Esses resultados ajudam o laboratório a diferenciar uma hiponatremia dilucional (SIADH) de uma hiponatremia por perda renal ou gastrointestinal.

O papel das análises clínicas na investigação

O setor de bioquímica clínica é central na investigação da SIADH.
Alguns dos principais exames solicitados incluem:

  • Sódio e potássio séricos: para confirmar o distúrbio eletrolítico;

  • Osmolaridade plasmática e urinária: para avaliar a concentração de solutos;

  • Sódio urinário: confirma se há reabsorção renal inadequada;

  • Ureia e creatinina: ajudam a descartar insuficiência renal;

  • Hemograma e PCR: indicam o processo infeccioso ativo;

  • Gasometria arterial: pode demonstrar hipoxemia associada à infecção pulmonar.

Importante: a interpretação integrada dos parâmetros é o que distingue a hiponatremia por SIADH de outras causas secundárias.

Sinais clínicos e diagnóstico diferencial

Clinicamente, o paciente com SIADH secundária à pneumonia pode apresentar:

  • Fraqueza, cefaleia e náuseas;

  • Confusão mental leve a moderada;

  • Ausência de sinais de desidratação;

  • Sódio persistentemente baixo sem causa aparente.

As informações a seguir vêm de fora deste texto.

lemma flux_lower_bound:
  "\<exists>K>0. \<forall>r>2 * s0. K * r powr (real N + \<beta>) * u r powr p \<le> - w r"
proof -
  define b where "b = real N + \<beta> - 1"
  define K where "K = lam * min 1 ((1 / 2) powr b) / 2"
  have "K * r powr (real N + \<beta>) * u r powr p \<le> - w r" if "2 * s0 < r" for r
  proof -
    have "0 < r" "s0 < r / 2" "r / 2 < r" using that s0_nonneg by auto
    obtain z where z: "r / 2 < z" "z < r" and mvt: "w r - w (r / 2) = (r - r / 2) * w' z"
      using MVT2[OF \<open>r / 2 < r\<close>, of w w'] flux_deriv \<open>s0 < r / 2\<close> by force
    have "s0 < z" using z \<open>s0 < r / 2\<close> by linarith
    have "r powr (real N + \<beta>) = r powr b * r"
      using \<open>0 < r\<close> powr_add[of r b 1] unfolding b_def by simp
    then have "K * r powr (real N + \<beta>) * u r powr p
        = r / 2 * lam * (min 1 ((1 / 2) powr b) * r powr b) * u r powr p"
      unfolding K_def by simp
    also have "\<dots> \<le> r / 2 * lam * z powr b * u z powr p"
      using powr_ge_min_half_powr[of r z b] u_antimono[of z r] u_pos[of r] z \<open>0 < r\<close>
        \<open>s0 < z\<close> lam_pos p_nonneg
      by (intro mult_mono mult_left_mono powr_mono2) auto
    also have "\<dots> = (r - r / 2) * (- w' z)" using equation[OF \<open>s0 < z\<close>] unfolding b_def by simp
    also have "\<dots> \<le> - w r" using mvt flux_neg[OF \<open>s0 < r / 2\<close>] by linarith
    finally show ?thesis .
  qed
  moreover have "0 < K" unfolding K_def using lam_pos by simp
  ultimately show ?thesis by blast
qed

lemma deriv_lower_bound:
  "\<exists>K>0. \<forall>r>2 * s0.
     K * r powr ((\<beta> - \<alpha> + 1) / (m - 1)) * u r powr (p / (m - 1)) \<le> - u' r"
proof -
  obtain K where "0 < K" and K: "\<forall>r>2 * s0. K * r powr (real N + \<beta>) * u r powr p \<le> - w r"
    using flux_lower_bound by blast
  define e where "e = 1 / (m - 1)"
  have "0 < e" unfolding e_def using m_gt_1 by simp
  have "K powr e * r powr ((\<beta> - \<alpha> + 1) * e) * u r powr (p * e) \<le> - u' r"
    if "2 * s0 < r" for r
  proof -
    have "0 < r" "s0 < r" using that s0_nonneg by auto
    have "r powr (real N + \<alpha> - 1) * (K * r powr (\<beta> - \<alpha> + 1) * u r powr p)
        = K * r powr (real N + \<beta>) * u r powr p"
      by (simp add: powr_add[symmetric])
    also have "\<dots> \<le> - w r" using K that by blast
    also have "\<dots> = r powr (real N + \<alpha> - 1) * (- u' r) powr (m - 1)"
      using deriv_neg[OF \<open>s0 < r\<close>] by (simp add: flux_eq_sgn)
    finally have "K * r powr (\<beta> - \<alpha> + 1) * u r powr p \<le> (- u' r) powr (m - 1)"
      using \<open>0 < r\<close> by simp
    then have "(K * r powr (\<beta> - \<alpha> + 1) * u r powr p) powr e \<le> ((- u' r) powr (m - 1)) powr e"
      using \<open>0 < K\<close> \<open>0 < e\<close> by (intro powr_mono2) auto
    then show ?thesis
      using \<open>0 < K\<close> deriv_neg[OF \<open>s0 < r\<close>] m_gt_1
      by (simp add: powr_mult powr_powr e_def)
  qed
  then show ?thesis
    using \<open>0 < K\<close> by (intro exI[of _ "K powr e"]) (auto simp: e_def)
qed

A diferenciação com outras condições (como hipotireoidismo, insuficiência adrenal e uso de diuréticos tiazídicos) é essencial.
Por isso, exames complementares como T4 livre, cortisol e ACTH também podem ser solicitados.

O raciocínio bioquímico por trás da SIADH

A SIADH é um excelente exemplo de como o laboratório traduz a fisiologia em números.
O ADH excessivo aumenta a reabsorção de água livre nos túbulos distais, dilui o sódio e reduz a osmolaridade plasmática, mas não altera significativamente o volume extracelular total.
Por isso, o paciente não apresenta edema nem hipotensão significativa.

O raciocínio clínico-laboratorial é fundamental:

Sódio baixo + osmolaridade baixa + urina concentrada = pensar em SIADH.

Como o laboratório apoia o tratamento

Embora o tratamento dependa da causa de base, o acompanhamento laboratorial é indispensável.
O biomédico pode monitorar:

  • Correção gradual do sódio (evitando desmielinização osmótica);

  • Resposta à restrição hídrica;

  • Efeito de antagonistas de ADH (como tolvaptana).

O controle diário do sódio e o acompanhamento da osmolaridade urinária são fundamentais para avaliar a recuperação.

Conclusão: quando o sódio fala pelo pulmão

Em infecções pulmonares, o sódio sérico se torna um marcador silencioso de disfunção hormonal.
Mesmo com rins preservados, a liberação inadequada de ADH distorce o equilíbrio hídrico, levando à hiponatremia dilucional.

Reconhecer esse padrão e compreender os dados laboratoriais faz toda a diferença entre corrigir um número e entender um mecanismo fisiopatológico.

As Análises Clínicas não apenas medem, elas traduzem a linguagem bioquímica da doença.